### GIVEN RECORDS:
* * * * *

inductive baire_class :: "nat rel \<Rightarrow> ('a::topological_space \<Rightarrow> 'b::topological_space) \<Rightarrow> bool" where
  baire_one: "Well_order r \<Longrightarrow> finite (Field r) \<Longrightarrow> card (Field r) = 1 \<Longrightarrow>
     (\<forall>U. open U \<longrightarrow>
        (\<exists>s::nat rel. Well_order s \<and> finite (Field s) \<and> card (Field s) = 2 \<and> Sigma0 s (f -` U))) \<Longrightarrow>
     baire_class r f"
| baire_lim: "Well_order r \<Longrightarrow>
     (\<forall>n::nat. \<exists>s::nat rel. (s, r) \<in> ordLess \<and> Field s \<noteq> {} \<and> baire_class s (g n)) \<Longrightarrow>
     (\<forall>x. (\<lambda>n. g n x) \<longlonglongrightarrow> f x) \<Longrightarrow>
     baire_class r f"

definition Pi0_partition :: "nat rel \<Rightarrow> (nat \<Rightarrow> 'a::topological_space set) \<Rightarrow> enat \<Rightarrow> bool" where
  "Pi0_partition r C N \<longleftrightarrow> 1 \<le> N
     \<and> (\<forall>n. enat n < N \<longrightarrow> C n \<noteq> {} \<and> Pi0 r (C n))
     \<and> (\<forall>m n. enat m < N \<longrightarrow> enat n < N \<longrightarrow> m \<noteq> n \<longrightarrow> C m \<inter> C n = {})
     \<and> (\<Union>{C n |n. enat n < N}) = UNIV"

definition locally_on_partition ::
  "(('a \<Rightarrow> 'b) \<Rightarrow> bool) \<Rightarrow> (nat \<Rightarrow> 'a set) \<Rightarrow> enat \<Rightarrow> ('a \<Rightarrow> 'b) \<Rightarrow> bool" where
  "locally_on_partition P C N g \<longleftrightarrow>
     (\<exists>G. \<forall>n. enat n < N \<longrightarrow> P (G n) \<and> (\<forall>x\<in>C n. g x = G n x))"

definition constant_fun :: "('a \<Rightarrow> 'b) \<Rightarrow> bool" where
  "constant_fun h \<longleftrightarrow> (\<exists>c. h = (\<lambda>_. c))"

definition lipschitz_fun :: "('a::metric_space \<Rightarrow> 'b::metric_space) \<Rightarrow> bool" where
  "lipschitz_fun h \<longleftrightarrow> (\<exists>L. L-lipschitz_on UNIV h)"

definition continuous_fun :: "('a::topological_space \<Rightarrow> 'b::topological_space) \<Rightarrow> bool" where
  "continuous_fun h \<longleftrightarrow> continuous_on UNIV h"

definition approx_by_local ::
  "nat rel \<Rightarrow> (('a::metric_space \<Rightarrow> 'b::metric_space) \<Rightarrow> bool) \<Rightarrow> ('a \<Rightarrow> 'b) \<Rightarrow> bool" where
  "approx_by_local r P f \<longleftrightarrow>
     (\<exists>h :: nat \<Rightarrow> 'a \<Rightarrow> 'b. uniform_limit UNIV h f sequentially \<and>
        (\<forall>n. \<exists>C N. Pi0_partition r C N \<and> locally_on_partition P C N (h n)))"

end

theory Submission
  imports Defs
begin

text \<open>A function is of Baire class \<open>\<xi>\<close> iff preimages of open sets are countable unions of
  \<open>\<Pi>\<^sup>0\<^sub>\<xi>\<close> sets; the forward direction is an induction along the definition, the converse an
  induction on \<open>\<xi>\<close>. In a separable zero-dimensional space every \<open>\<Sigma>\<^sup>0\<^sub>\<xi>\<close> set is a disjoint
  union of \<open>\<Pi>\<^sup>0\<^sub>\<xi>\<close> sets, so countable \<open>\<Pi>\<^sup>0\<^sub>\<xi>\<close> covers refine to \<open>\<Pi>\<^sup>0\<^sub>\<xi>\<close> partitions. Covering
  by preimages of small balls around a dense sequence then makes such an \<open>f\<close> a uniform limit of
  functions that are constant on the pieces of \<open>\<Pi>\<^sup>0\<^sub>\<xi>\<close> partitions; conversely, functions
  continuous on such pieces are measurable in the same sense, which survives uniform limits.
  For the converse induction at \<open>\<xi> > 1\<close>, each piece of these partitions is a countable
  intersection of sets of lower class: deciding membership from finitely many of them at stage
  \<open>n\<close> and keeping the finest mutually consistent approximation yields functions of lower
  class converging pointwise to \<open>f\<close>.\<close>

notation ordLess2 (infix \<open><o\<close> 50)
notation ordLeq3 (infix \<open>\<le>o\<close> 50)

section \<open>Countable ordinals\<close>

lemma ordLess_Well_order: "s <o r \<Longrightarrow> Well_order s \<and> Well_order r"
  unfolding ordLess_def by blast

lemma ordLeq_Well_order: "s \<le>o r \<Longrightarrow> Well_order s \<and> Well_order r"
  unfolding ordLeq_def by blast

lemma ordLeq_Field_nonempty: "s \<le>o r \<Longrightarrow> Field s \<noteq> {} \<Longrightarrow> Field r \<noteq> {}"
  unfolding ordLeq_def using embed_Field by fastforce

lemma ordLess_Field_nonempty: "s <o r \<Longrightarrow> Field s \<noteq> {} \<Longrightarrow> Field r \<noteq> {}"
  using ordLeq_Field_nonempty ordLess_imp_ordLeq by blast

lemma ordLess_card_less:
  assumes "s <o r" "finite (Field r)"
  shows "finite (Field s) \<and> card (Field s) < card (Field r)"
proof -
  obtain f where e: "embed s r f" and nb: "\<not> bij_betw f (Field s) (Field r)" and w: "Well_order s"
    using assms(1) unfolding ordLess_def embedS_def by auto
  have inj: "inj_on f (Field s)" using embed_inj_on[OF w e] .
  have sub: "f ` Field s \<subset> Field r" using embed_Field[OF e] nb inj unfolding bij_betw_def by auto
  then have "finite (Field s)" using assms(2) inj finite_imageD finite_subset by blast
  moreover have "card (Field s) < card (Field r)"
    using psubset_card_mono[OF assms(2) sub] card_image[OF inj] by simp
  ultimately show ?thesis ..
qed

text \<open>The order type of \<open>r\<close> is \<open>0\<close> or \<open>1\<close>.\<close>
definition ord_le_one :: "nat rel \<Rightarrow> bool" where
  "ord_le_one r \<longleftrightarrow> \<not> (\<exists>s::nat rel. s <o r \<and> Field s \<noteq> {})"

lemma ord_le_one_iff_card:
  assumes w: "Well_order r" and ne: "Field r \<noteq> {}"
  shows "ord_le_one r \<longleftrightarrow> finite (Field r) \<and> card (Field r) = 1"
proof
  assume one: "ord_le_one r"
  show "finite (Field r) \<and> card (Field r) = 1"
  proof (rule ccontr)
    assume not_one: "\<not> ?thesis"
    have "\<exists>a b. a \<in> Field r \<and> b \<in> Field r \<and> a \<noteq> b"
    proof (rule ccontr)
      assume "\<not> ?thesis"
      then obtain a where "Field r = {a}" using ne by blast
      with not_one show False by simp
    qed
    then obtain c d where cd: "c \<noteq> d" "(c, d) \<in> r"
      using w unfolding well_order_on_def linear_order_on_def total_on_def by metis
    have "Refl r"
      using w unfolding well_order_on_def linear_order_on_def partial_order_on_def preorder_on_def
      by blast
    then have "Field (Restr r (underS r d)) = underS r d"
      by (intro Refl_Field_Restr2) (auto simp: underS_def Field_def)
    moreover have "c \<in> underS r d" using cd by (auto simp: underS_def)
    ultimately show False
      using one underS_Restr_ordLess[OF w ne] unfolding ord_le_one_def by blast
  qed
next
  assume one: "finite (Field r) \<and> card (Field r) = 1"
  show "ord_le_one r"
    unfolding ord_le_one_def
  proof
    assume "\<exists>s::nat rel. s <o r \<and> Field s \<noteq> {}"
    then obtain s :: "nat rel" where "s <o r" "Field s \<noteq> {}" by blast
    with ordLess_card_less[OF this(1)] one show False by auto
  qed
qed

lemma ordLess_upper_bound:
  fixes s t :: "'a rel"
  assumes "s <o r" "t <o r" "Field s \<noteq> {}" "Field t \<noteq> {}"
  shows "\<exists>u::'a rel. u <o r \<and> Field u \<noteq> {} \<and> s \<le>o u \<and> t \<le>o u"
proof -
  have wo: "Well_order s" "Well_order t" using assms(1,2) ordLess_Well_order by auto
  consider "s \<le>o t" | "t \<le>o s" using ordLeq_total[OF wo] by blast
  then show ?thesis
    using assms ordLeq_reflexive[OF wo(1)] ordLeq_reflexive[OF wo(2)] by cases blast+
qed

lemma ordLess_finite_upper_bound:
  fixes S :: "'i \<Rightarrow> nat rel"
  assumes "finite I" "I \<noteq> {}" "\<forall>i\<in>I. S i <o r \<and> Field (S i) \<noteq> {}"
  shows "\<exists>t::nat rel. t <o r \<and> Field t \<noteq> {} \<and> (\<forall>i\<in>I. S i \<le>o t)"
  using assms
proof (induction I rule: finite_ne_induct)
  case (singleton x)
  then show ?case using ordLeq_reflexive ordLess_Well_order by blast
next
  case (insert x F)
  then have "\<forall>i\<in>F. S i <o r \<and> Field (S i) \<noteq> {}" by simp
  then obtain t :: "nat rel" where t: "t <o r" "Field t \<noteq> {}" "\<forall>i\<in>F. S i \<le>o t"
    using insert.IH by blast
  have "S x <o r" "Field (S x) \<noteq> {}" using insert.prems by simp_all
  then obtain u :: "nat rel" where u: "u <o r" "Field u \<noteq> {}" "t \<le>o u" "S x \<le>o u"
    using ordLess_upper_bound[OF t(1) _ t(2)] by blast
  have "\<forall>i\<in>insert x F. S i \<le>o u"
    using u(4) t(3) ordLeq_transitive[OF _ u(3)] by blast
  with u(1,2) show ?case by blast
qed

section \<open>Additive and multiplicative Borel classes\<close>

lemma Sigma0_Well_order: "Sigma0 r A \<Longrightarrow> Well_order r \<and> Field r \<noteq> {}"
proof (induction rule: Sigma0.cases)
  case (Sigma0_union r F)
  then obtain s :: "nat rel" where "s <o r" "Field s \<noteq> {}" by blast
  with Sigma0_union show ?case using ordLess_Field_nonempty by blast
qed simp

* * * * *

### PROMPT:
Set down, unchanged, only those lines above that fall between the line with "section \<open>Countable ordinals\<close>" and the line with "total_on_def by metis", the two end lines included.

### OUTPUT:
section \<open>Countable ordinals\<close>

lemma ordLess_Well_order: "s <o r \<Longrightarrow> Well_order s \<and> Well_order r"
  unfolding ordLess_def by blast

lemma ordLeq_Well_order: "s \<le>o r \<Longrightarrow> Well_order s \<and> Well_order r"
  unfolding ordLeq_def by blast

lemma ordLeq_Field_nonempty: "s \<le>o r \<Longrightarrow> Field s \<noteq> {} \<Longrightarrow> Field r \<noteq> {}"
  unfolding ordLeq_def using embed_Field by fastforce

lemma ordLess_Field_nonempty: "s <o r \<Longrightarrow> Field s \<noteq> {} \<Longrightarrow> Field r \<noteq> {}"
  using ordLeq_Field_nonempty ordLess_imp_ordLeq by blast

lemma ordLess_card_less:
  assumes "s <o r" "finite (Field r)"
  shows "finite (Field s) \<and> card (Field s) < card (Field r)"
proof -
  obtain f where e: "embed s r f" and nb: "\<not> bij_betw f (Field s) (Field r)" and w: "Well_order s"
    using assms(1) unfolding ordLess_def embedS_def by auto
  have inj: "inj_on f (Field s)" using embed_inj_on[OF w e] .
  have sub: "f ` Field s \<subset> Field r" using embed_Field[OF e] nb inj unfolding bij_betw_def by auto
  then have "finite (Field s)" using assms(2) inj finite_imageD finite_subset by blast
  moreover have "card (Field s) < card (Field r)"
    using psubset_card_mono[OF assms(2) sub] card_image[OF inj] by simp
  ultimately show ?thesis ..
qed

text \<open>The order type of \<open>r\<close> is \<open>0\<close> or \<open>1\<close>.\<close>
definition ord_le_one :: "nat rel \<Rightarrow> bool" where
  "ord_le_one r \<longleftrightarrow> \<not> (\<exists>s::nat rel. s <o r \<and> Field s \<noteq> {})"

lemma ord_le_one_iff_card:
  assumes w: "Well_order r" and ne: "Field r \<noteq> {}"
  shows "ord_le_one r \<longleftrightarrow> finite (Field r) \<and> card (Field r) = 1"
proof
  assume one: "ord_le_one r"
  show "finite (Field r) \<and> card (Field r) = 1"
  proof (rule ccontr)
    assume not_one: "\<not> ?thesis"
    have "\<exists>a b. a \<in> Field r \<and> b \<in> Field r \<and> a \<noteq> b"
    proof (rule ccontr)
      assume "\<not> ?thesis"
      then obtain a where "Field r = {a}" using ne by blast
      with not_one show False by simp
    qed
    then obtain c d where cd: "c \<noteq> d" "(c, d) \<in> r"
      using w unfolding well_order_on_def linear_order_on_def total_on_def by metis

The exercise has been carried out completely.